►

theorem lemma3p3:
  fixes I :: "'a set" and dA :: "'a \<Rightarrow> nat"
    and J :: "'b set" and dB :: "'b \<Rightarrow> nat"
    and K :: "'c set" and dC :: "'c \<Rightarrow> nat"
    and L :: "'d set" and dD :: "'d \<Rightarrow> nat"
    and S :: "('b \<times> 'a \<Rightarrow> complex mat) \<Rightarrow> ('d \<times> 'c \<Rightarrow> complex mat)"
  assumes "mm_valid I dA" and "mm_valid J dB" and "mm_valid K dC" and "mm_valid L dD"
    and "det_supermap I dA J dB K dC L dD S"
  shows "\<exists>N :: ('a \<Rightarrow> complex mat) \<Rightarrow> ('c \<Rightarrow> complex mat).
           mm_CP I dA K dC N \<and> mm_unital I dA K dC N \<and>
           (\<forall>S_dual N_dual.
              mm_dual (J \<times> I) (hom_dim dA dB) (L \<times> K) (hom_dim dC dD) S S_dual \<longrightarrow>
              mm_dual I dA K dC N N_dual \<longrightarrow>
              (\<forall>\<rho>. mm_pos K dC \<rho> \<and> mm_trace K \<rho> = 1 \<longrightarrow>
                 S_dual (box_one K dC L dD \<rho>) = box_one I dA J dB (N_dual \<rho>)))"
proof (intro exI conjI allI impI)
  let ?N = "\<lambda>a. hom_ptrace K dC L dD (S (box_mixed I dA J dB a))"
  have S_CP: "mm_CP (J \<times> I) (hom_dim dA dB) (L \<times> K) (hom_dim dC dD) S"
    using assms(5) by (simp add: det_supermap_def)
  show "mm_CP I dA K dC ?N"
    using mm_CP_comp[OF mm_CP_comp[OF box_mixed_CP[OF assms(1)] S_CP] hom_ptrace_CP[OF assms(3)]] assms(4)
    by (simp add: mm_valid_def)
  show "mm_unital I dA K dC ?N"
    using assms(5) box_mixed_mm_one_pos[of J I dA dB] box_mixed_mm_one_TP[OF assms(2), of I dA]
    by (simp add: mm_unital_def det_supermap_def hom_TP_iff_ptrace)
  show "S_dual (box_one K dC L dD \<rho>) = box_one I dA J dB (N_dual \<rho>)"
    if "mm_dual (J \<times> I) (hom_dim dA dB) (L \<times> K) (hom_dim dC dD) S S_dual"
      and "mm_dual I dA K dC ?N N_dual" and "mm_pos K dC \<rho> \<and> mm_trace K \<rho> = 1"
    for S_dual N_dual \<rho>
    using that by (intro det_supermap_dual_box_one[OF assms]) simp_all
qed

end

◄

In the listing, find every line with the word "times" and return it.

    and S :: "('b \<times> 'a \<Rightarrow> complex mat) \<Rightarrow> ('d \<times> 'c \<Rightarrow> complex mat)"
              mm_dual (J \<times> I) (hom_dim dA dB) (L \<times> K) (hom_dim dC dD) S S_dual \<longrightarrow>
  have S_CP: "mm_CP (J \<times> I) (hom_dim dA dB) (L \<times> K) (hom_dim dC dD) S"
    if "mm_dual (J \<times> I) (hom_dim dA dB) (L \<times> K) (hom_dim dC dD) S S_dual"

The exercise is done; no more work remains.